The new performance tiering for SSDs is on the MSA 2040 only and automatically moves data to flash based on I/O performance patterns. The 2040 also has a new SSD read cache, which is a predictive algorithm that dynamically extends controller read caching to improve read I/O performance. The read cache is designed for read-intensive workloads such as Microsoft SQL and Exchange, and Oracle Database.
"The read cache is the easiest way to start the flash game," said Britt Terry, HP's worldwide product marketing manager for the MSA line. "It starts with 200 GB SSDs and then as random reads move into the controller, we'll promote those into the SSD cache. We are in real-time. Every five seconds, we look at pages that we promote or demote based on access patterns."

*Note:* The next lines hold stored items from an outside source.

(* Let $n\ge3$. The permutation representation $\rho_3^{\mathbb{C}}$ of $S_n$ unites conjugacy classes if and only if $n$ is even. (For even $n$, $\sigma=(1,2)(3,4)\cdots(n-1,n)$ and $\tau=(1)(2)(3,4)\cdots(n-1,n)$ are non-conjugate with $\rho_3^{\mathbb{C}}(\sigma)$ similar to $\rho_3^{\mathbb{C}}(\tau)$.)
   Context: For $1\le k\le n$, $\rho_k^{\mathbb{F}}$ denotes the permutation representation over the field $\mathbb{F}$ of $S_n$ arising from its action on ordered $k$-tuples $(i_1,\dots,i_k)$ of distinct elements of $\{1,\dots,n\}$, given by $\pi\cdot(i_1,\dots,i_k)=(\pi(i_1),\dots,\pi(i_k))$. A representation $T$ of $G$ unites conjugacy classes if there are non-conjugate $\sigma,\tau\in G$ with $T(\sigma),T(\tau)$ similar matrices. *)

theory Defs
  imports Complex_Main "HOL-Combinatorics.Permutations"
begin

definition tuples :: "nat \<Rightarrow> nat \<Rightarrow> nat list set" where
  "tuples k n = {xs. length xs = k \<and> distinct xs \<and> set xs \<subseteq> {1..n}}"

text \<open>Permutation matrix of p for the action p.(i1,...,ik) = (p i1, ..., p ik),
  rows/columns indexed by tuples: entry (x,y) is 1 iff p.y = x.\<close>
definition perm_rep :: "(nat \<Rightarrow> nat) \<Rightarrow> nat list \<Rightarrow> nat list \<Rightarrow> 'a::field" where
  "perm_rep p x y = (if map p y = x then 1 else 0)"

definition similar_on :: "'i set \<Rightarrow> ('i \<Rightarrow> 'i \<Rightarrow> 'a::field) \<Rightarrow> ('i \<Rightarrow> 'i \<Rightarrow> 'a) \<Rightarrow> bool" where
  "similar_on X A B \<longleftrightarrow> (\<exists>P Q.
      (\<forall>x\<in>X. \<forall>y\<in>X. (\<Sum>z\<in>X. P x z * Q z y) = (if x = y then 1 else 0)) \<and>
      (\<forall>x\<in>X. \<forall>y\<in>X. (\<Sum>z\<in>X. Q x z * P z y) = (if x = y then 1 else 0)) \<and>
      (\<forall>x\<in>X. \<forall>y\<in>X. (\<Sum>z\<in>X. P x z * A z y) = (\<Sum>z\<in>X. B x z * P z y)))"

definition conj_Sn :: "nat \<Rightarrow> (nat \<Rightarrow> nat) \<Rightarrow> (nat \<Rightarrow> nat) \<Rightarrow> bool" where
  "conj_Sn n s t \<longleftrightarrow> (\<exists>g. g permutes {1..n} \<and> t = g \<circ> s \<circ> inv g)"

definition unites_conj :: "nat \<Rightarrow> 'i set \<Rightarrow> ((nat \<Rightarrow> nat) \<Rightarrow> 'i \<Rightarrow> 'i \<Rightarrow> 'a::field) \<Rightarrow> bool" where
  "unites_conj n X T \<longleftrightarrow> (\<exists>s t. s permutes {1..n} \<and> t permutes {1..n} \<and>
      \<not> conj_Sn n s t \<and> similar_on X (T s) (T t))"

end

(*
  If \<rho>\<^sub>3(\<sigma>) and \<rho>\<^sub>3(\<tau>) are similar, then so are all their powers, so their traces agree. The trace
  of \<rho>\<^sub>3(\<sigma>\<^sup>m) is f(f-1)(f-2), where f is the number of fixed points of \<sigma>\<^sup>m, and this cubic is
  injective once f \<ge> 2. Hence for every m the fixed-point counts of \<sigma>\<^sup>m and \<tau>\<^sup>m agree unless both
  are at most 2. These counts are the divisor sums of c\<^sub>d (resp. e\<^sub>d), the number of points on
  d-cycles, and each c\<^sub>d, e\<^sub>d is a multiple of d. At the least d \<ge> 3 with c\<^sub>d \<noteq> e\<^sub>d one of the two
  divisor sums at d is at least 3, so they are equal, yet they differ by c\<^sub>d - e\<^sub>d. The cases d = 1
  and d = 2 are excluded in the same way, at the least odd cycle length > 1 (which exists because n
  is odd) and at the least cycle length > 2 where the counts differ. So \<sigma> and \<tau> have the same cycle
  type and are conjugate.

  For even n, \<sigma> = (1 2)(3 4)\<dots>(n-1 n) and \<tau> = (3 4)\<dots>(n-1 n) act on triples as fixed-point-free
  involutions, so these actions are conjugate by a bijection of the triples, and the permutation matrix
  of that bijection makes \<rho>\<^sub>3(\<sigma>) and \<rho>\<^sub>3(\<tau>) similar. But \<tau> fixes 1 and \<sigma> fixes nothing.
*)
theory Submission
  imports Defs "HOL-Combinatorics.Orbits"
begin

section \<open>Counts with close divisor sums\<close>

lemma sum_agree_outside:
  fixes f g :: "'a \<Rightarrow> 'b::comm_monoid_add"
  assumes "finite A" "E \<subseteq> A" "\<And>x. x \<in> A - E \<Longrightarrow> f x = g x"
  shows "sum f A + sum g E = sum g A + sum f E"
proof -
  have "sum f (A - E) = sum g (A - E)" using assms(3) by (rule sum.cong[OF refl])
  then show ?thesis
    using sum.subset_diff[OF assms(2,1), of f] sum.subset_diff[OF assms(2,1), of g]
    by (simp add: ac_simps)
qed

lemma odd_summand_if_odd_sum:
  fixes f :: "'a \<Rightarrow> nat"
  assumes "finite A" "odd (sum f A)" "\<And>x. x \<in> A \<Longrightarrow> x \<noteq> a \<Longrightarrow> even (f x)"
  shows "odd (f a)"
proof -
  have even_rest: "even (sum f (A - {a}))" using assms(3) by (intro dvd_sum) auto
  show ?thesis
  proof (cases "a \<in> A")
    case True
    then have "sum f A = f a + sum f (A - {a})" using assms(1) by (simp add: sum.remove)
    then show ?thesis using assms(2) even_rest by simp
  next
    case False
    then show ?thesis using assms(2) even_rest by simp
  qed
qed

lemma eq_if_add_multiples_eq:
  fixes a b u v m :: nat
  assumes "a < m" "b < m" "m dvd u" "m dvd v" "a + u = b + v"
  shows "a = b"
proof -
  have "(a + u) mod m = a" "(b + v) mod m = b" using assms(1-4) by auto
  then show ?thesis using assms(5) by simp
qed

definition divisor_sum :: "(nat \<Rightarrow> nat) \<Rightarrow> nat \<Rightarrow> nat" where
  "divisor_sum c m = (\<Sum>d | d dvd m. c d)"

lemma divisor_sum_1: "divisor_sum c 1 = c 1"
  by (simp add: divisor_sum_def)

lemma divisor_sum_2: "divisor_sum c 2 = c 1 + c 2"
proof -
  have "{d. d dvd (2::nat)} = {1, 2}"
  proof (intro set_eqI iffI)
    fix d :: nat assume "d \<in> {d. d dvd 2}"
    then have "d \<le> 2" "d \<noteq> 0" using dvd_imp_le[of d 2] by (cases "d = 0"; auto)+
    then show "d \<in> {1, 2}" by auto
  qed auto
  then show ?thesis by (simp add: divisor_sum_def)
qed

text \<open>Think of \<open>c d\<close> and \<open>e d\<close> as the numbers of points on \<open>d\<close>-cycles of two permutations of
  a set of odd size \<open>N\<close>; then \<open>divisor_sum c m\<close> is the number of fixed points of the \<open>m\<close>-th power.\<close>
locale close_divisor_sums =
  fixes c e :: "nat \<Rightarrow> nat" and N :: nat
  assumes dvd_c: "d dvd c d" and dvd_e: "d dvd e d"
    and c_beyond: "N < d \<Longrightarrow> c d = 0" and e_beyond: "N < d \<Longrightarrow> e d = 0"
    and total_eq: "(\<Sum>d\<le>N. c d) = (\<Sum>d\<le>N. e d)"
    and total_odd: "odd (\<Sum>d\<le>N. c d)"
    and close: "0 < m \<Longrightarrow>
      divisor_sum c m = divisor_sum e m \<or> (divisor_sum c m < 3 \<and> divisor_sum e m < 3)"
begin

lemma divisor_sum_eq_if_nonzero:
  assumes "3 \<le> m" "c m \<noteq> 0 \<or> e m \<noteq> 0"
  shows "divisor_sum c m = divisor_sum e m"
proof -
  have fin: "finite {d. d dvd m}" using assms(1) by (simp add: finite_divisors_nat)
  have "c m \<le> divisor_sum c m" "e m \<le> divisor_sum e m"
    unfolding divisor_sum_def by (rule member_le_sum; use fin in simp)+
  moreover have "m \<le> c m \<or> m \<le> e m"
    using assms(2) dvd_imp_le[OF dvd_c[of m]] dvd_imp_le[OF dvd_e[of m]] by auto
  ultimately show ?thesis using close[of m] assms(1) by linarith
qed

Much of the HP MSA platform's technology comes from OEM partner Dot Hill, which earlier this month, rolled out new management software with enhanced caching and real-time tiering across SSDs.
The MSA 2040 and 1040 have been upgraded to support thin provisioning via T10 UNMAP, a SCSI command used to reclaim space from blocks deleted by a virtual machine, operating system or application.
The upgrades are available through a firmware release, scheduled for general availability next month. The MSA 2040 firmware release is free, but the SSD tiering is an optional feature that costs $3,999.
HP MSA 1040 customers must purchase an Advanced Virtualization Upgrade for the new features. The upgrade costs $3,500.